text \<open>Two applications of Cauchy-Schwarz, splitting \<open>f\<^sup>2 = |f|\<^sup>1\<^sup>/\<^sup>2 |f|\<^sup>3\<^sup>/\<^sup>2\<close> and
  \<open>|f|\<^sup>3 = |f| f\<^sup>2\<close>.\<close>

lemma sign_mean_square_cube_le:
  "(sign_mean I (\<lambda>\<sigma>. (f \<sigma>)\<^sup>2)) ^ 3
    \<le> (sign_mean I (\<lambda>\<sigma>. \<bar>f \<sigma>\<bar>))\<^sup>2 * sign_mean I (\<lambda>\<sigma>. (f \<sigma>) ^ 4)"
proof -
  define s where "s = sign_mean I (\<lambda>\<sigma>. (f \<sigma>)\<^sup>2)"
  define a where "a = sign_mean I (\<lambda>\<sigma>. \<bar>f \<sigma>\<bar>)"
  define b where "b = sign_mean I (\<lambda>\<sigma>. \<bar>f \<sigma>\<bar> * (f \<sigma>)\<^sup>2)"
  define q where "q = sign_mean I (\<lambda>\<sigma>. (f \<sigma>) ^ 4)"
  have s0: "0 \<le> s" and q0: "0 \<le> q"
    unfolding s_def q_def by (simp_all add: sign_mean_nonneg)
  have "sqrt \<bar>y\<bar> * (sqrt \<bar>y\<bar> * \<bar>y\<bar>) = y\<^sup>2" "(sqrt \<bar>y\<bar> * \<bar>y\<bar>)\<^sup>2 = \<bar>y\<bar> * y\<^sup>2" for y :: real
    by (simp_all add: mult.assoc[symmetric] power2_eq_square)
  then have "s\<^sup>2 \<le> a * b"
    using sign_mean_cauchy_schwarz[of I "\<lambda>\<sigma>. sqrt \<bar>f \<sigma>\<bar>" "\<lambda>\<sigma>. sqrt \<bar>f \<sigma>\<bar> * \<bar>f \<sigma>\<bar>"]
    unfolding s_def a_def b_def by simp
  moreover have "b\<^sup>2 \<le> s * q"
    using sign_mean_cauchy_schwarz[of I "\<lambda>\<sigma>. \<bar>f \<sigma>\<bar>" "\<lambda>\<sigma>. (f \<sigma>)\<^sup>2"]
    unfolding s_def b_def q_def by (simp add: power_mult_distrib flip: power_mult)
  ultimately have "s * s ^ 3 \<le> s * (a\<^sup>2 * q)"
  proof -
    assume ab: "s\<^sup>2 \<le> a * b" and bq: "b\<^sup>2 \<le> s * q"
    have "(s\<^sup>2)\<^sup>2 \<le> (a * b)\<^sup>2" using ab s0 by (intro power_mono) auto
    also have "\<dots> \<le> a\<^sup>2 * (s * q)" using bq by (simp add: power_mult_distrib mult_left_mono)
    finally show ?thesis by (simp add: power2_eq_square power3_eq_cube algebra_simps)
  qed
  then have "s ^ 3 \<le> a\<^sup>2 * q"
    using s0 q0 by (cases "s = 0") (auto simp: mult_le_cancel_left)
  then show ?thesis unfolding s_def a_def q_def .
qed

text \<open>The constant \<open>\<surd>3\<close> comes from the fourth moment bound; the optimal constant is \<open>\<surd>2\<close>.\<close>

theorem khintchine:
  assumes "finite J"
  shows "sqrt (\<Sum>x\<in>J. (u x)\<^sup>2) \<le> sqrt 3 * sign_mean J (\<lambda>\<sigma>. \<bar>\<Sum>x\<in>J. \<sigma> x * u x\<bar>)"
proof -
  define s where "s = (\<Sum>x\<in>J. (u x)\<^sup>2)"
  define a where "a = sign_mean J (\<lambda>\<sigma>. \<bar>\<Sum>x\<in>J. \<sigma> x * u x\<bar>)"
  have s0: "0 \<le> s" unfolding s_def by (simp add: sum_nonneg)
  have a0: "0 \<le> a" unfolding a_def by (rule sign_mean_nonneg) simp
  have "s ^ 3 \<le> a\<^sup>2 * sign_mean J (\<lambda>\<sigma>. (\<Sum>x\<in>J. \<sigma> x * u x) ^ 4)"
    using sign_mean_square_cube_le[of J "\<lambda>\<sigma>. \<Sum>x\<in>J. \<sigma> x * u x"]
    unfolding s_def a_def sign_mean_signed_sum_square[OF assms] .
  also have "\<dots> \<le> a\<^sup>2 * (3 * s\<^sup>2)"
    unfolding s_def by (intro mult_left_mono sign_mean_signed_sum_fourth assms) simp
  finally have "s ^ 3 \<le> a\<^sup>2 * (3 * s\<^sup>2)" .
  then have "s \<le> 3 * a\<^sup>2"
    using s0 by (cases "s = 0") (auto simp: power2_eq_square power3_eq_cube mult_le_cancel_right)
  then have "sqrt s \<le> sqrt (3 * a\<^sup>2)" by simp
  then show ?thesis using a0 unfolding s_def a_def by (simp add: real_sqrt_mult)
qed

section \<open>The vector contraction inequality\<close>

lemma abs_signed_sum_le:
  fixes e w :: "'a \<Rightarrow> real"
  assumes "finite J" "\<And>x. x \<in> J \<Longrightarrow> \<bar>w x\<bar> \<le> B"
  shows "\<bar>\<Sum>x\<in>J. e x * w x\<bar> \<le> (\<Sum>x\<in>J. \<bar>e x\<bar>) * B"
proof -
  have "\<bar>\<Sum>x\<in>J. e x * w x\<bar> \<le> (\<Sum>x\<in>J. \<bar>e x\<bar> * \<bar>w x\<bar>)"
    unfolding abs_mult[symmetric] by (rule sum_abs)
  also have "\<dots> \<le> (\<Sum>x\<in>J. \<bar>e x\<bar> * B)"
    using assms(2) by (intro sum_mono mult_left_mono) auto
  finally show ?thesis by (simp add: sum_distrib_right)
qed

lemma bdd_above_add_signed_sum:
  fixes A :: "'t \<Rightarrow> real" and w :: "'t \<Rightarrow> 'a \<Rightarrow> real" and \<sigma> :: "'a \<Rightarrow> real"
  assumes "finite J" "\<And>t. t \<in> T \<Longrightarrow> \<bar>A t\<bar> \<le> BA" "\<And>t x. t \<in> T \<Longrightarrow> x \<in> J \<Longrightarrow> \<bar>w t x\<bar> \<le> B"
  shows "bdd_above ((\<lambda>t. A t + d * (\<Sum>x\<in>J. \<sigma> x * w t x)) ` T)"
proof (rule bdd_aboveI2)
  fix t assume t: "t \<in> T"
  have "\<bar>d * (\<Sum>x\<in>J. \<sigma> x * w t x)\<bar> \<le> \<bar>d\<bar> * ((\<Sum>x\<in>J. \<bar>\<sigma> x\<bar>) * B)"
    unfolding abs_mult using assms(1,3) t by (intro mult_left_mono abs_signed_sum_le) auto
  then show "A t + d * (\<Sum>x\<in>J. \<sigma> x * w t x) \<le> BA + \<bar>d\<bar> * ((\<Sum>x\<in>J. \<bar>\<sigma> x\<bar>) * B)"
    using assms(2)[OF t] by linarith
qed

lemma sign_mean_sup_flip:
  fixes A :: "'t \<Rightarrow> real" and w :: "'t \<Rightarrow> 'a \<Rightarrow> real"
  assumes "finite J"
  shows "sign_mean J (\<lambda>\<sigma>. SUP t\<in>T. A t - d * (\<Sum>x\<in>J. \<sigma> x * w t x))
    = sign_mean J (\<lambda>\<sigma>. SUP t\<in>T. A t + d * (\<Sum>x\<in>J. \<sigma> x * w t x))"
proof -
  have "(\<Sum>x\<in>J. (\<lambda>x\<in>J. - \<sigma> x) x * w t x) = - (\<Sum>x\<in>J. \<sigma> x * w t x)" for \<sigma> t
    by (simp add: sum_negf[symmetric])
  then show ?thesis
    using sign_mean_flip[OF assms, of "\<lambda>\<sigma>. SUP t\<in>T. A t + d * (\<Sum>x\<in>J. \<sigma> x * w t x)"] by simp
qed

=-=-=

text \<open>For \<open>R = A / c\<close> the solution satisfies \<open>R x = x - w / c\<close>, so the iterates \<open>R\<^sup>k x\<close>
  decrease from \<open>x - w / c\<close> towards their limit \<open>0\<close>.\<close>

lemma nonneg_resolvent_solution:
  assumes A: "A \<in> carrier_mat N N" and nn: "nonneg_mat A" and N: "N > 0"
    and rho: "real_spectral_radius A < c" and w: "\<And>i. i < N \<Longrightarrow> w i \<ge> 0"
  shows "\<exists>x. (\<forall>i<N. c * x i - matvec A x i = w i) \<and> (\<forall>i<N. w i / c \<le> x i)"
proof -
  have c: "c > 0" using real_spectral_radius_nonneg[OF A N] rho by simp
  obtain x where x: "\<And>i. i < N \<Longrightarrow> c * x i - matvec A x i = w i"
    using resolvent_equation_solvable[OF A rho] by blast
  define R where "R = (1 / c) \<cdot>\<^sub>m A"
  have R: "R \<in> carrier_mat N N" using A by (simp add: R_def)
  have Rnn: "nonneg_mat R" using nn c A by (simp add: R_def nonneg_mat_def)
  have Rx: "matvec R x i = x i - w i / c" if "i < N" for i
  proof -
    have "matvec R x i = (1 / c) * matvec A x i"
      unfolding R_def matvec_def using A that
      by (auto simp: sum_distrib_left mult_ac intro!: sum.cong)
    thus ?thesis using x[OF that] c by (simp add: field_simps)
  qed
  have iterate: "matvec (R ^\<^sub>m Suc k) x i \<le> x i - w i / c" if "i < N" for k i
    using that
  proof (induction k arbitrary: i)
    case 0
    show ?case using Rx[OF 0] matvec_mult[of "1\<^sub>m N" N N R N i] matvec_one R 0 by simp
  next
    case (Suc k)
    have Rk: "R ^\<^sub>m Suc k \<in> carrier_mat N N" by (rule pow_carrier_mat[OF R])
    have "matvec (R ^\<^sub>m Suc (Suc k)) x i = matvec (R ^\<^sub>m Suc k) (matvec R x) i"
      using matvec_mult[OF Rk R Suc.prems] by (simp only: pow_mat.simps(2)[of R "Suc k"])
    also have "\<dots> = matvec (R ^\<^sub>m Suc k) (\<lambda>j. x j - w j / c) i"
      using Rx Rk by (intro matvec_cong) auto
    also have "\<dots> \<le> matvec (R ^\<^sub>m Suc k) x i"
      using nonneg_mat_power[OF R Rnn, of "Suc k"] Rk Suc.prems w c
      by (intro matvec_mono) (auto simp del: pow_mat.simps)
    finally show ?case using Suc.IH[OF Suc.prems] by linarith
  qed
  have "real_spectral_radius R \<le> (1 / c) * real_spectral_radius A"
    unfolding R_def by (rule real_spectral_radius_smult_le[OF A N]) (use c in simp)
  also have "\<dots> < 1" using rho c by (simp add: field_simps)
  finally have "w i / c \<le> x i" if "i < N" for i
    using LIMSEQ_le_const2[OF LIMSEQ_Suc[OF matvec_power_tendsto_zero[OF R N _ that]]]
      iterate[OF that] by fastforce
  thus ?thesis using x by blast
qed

=-=-=

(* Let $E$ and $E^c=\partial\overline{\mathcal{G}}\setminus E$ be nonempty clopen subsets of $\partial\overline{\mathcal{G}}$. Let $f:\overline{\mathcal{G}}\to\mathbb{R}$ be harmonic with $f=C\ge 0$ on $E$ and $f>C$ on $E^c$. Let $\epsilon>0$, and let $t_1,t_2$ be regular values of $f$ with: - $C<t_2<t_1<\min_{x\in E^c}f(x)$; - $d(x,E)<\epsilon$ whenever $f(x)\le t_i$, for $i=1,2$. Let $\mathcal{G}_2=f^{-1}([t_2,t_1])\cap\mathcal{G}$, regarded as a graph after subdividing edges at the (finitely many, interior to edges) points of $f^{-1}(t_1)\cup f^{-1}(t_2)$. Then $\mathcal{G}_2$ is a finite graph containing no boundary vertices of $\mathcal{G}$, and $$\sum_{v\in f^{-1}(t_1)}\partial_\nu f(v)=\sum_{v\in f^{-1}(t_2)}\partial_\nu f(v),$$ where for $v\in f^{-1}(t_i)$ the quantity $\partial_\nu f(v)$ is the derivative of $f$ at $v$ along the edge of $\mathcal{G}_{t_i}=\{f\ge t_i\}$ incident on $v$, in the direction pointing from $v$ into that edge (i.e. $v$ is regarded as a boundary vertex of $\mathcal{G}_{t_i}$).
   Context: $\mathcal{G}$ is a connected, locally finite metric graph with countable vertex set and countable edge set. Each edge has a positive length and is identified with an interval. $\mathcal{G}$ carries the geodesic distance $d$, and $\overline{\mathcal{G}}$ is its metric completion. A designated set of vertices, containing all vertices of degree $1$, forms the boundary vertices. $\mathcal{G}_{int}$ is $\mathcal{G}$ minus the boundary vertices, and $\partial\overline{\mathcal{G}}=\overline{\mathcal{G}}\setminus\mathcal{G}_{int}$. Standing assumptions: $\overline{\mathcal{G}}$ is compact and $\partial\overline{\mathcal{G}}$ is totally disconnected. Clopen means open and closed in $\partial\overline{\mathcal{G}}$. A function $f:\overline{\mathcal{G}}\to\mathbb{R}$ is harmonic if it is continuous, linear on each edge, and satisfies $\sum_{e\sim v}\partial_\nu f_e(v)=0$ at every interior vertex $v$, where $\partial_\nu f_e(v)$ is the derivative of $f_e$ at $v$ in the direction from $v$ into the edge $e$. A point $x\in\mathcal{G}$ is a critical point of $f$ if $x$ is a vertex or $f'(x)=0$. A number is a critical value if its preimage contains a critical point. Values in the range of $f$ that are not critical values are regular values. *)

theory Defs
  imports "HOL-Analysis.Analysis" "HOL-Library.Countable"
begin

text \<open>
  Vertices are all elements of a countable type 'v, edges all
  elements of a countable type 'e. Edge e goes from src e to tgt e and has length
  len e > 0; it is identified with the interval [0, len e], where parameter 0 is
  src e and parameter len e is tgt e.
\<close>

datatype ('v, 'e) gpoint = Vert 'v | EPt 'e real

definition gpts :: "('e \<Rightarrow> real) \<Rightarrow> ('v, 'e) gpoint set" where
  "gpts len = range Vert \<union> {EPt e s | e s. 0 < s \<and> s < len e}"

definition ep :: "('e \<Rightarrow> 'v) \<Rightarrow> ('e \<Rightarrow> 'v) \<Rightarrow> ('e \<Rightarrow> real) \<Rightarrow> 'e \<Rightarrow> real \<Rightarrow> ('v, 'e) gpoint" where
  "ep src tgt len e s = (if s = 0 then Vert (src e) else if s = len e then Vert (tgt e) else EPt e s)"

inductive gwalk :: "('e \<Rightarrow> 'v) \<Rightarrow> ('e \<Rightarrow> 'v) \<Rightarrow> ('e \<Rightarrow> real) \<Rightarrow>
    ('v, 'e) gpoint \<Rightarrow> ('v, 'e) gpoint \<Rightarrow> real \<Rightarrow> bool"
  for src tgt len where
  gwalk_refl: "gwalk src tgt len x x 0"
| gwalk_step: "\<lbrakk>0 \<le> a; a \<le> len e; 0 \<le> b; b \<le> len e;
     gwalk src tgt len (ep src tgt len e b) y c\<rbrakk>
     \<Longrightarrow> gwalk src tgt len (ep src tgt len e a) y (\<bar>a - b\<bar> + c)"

=-=-=

[WHAT YOU SHOULD DO] For each line in the entries that holds "lemma", return that line.

[THE COMPLETED TASK]
lemma sign_mean_square_cube_le:
lemma abs_signed_sum_le:
lemma bdd_above_add_signed_sum:
lemma sign_mean_sup_flip:
lemma nonneg_resolvent_solution:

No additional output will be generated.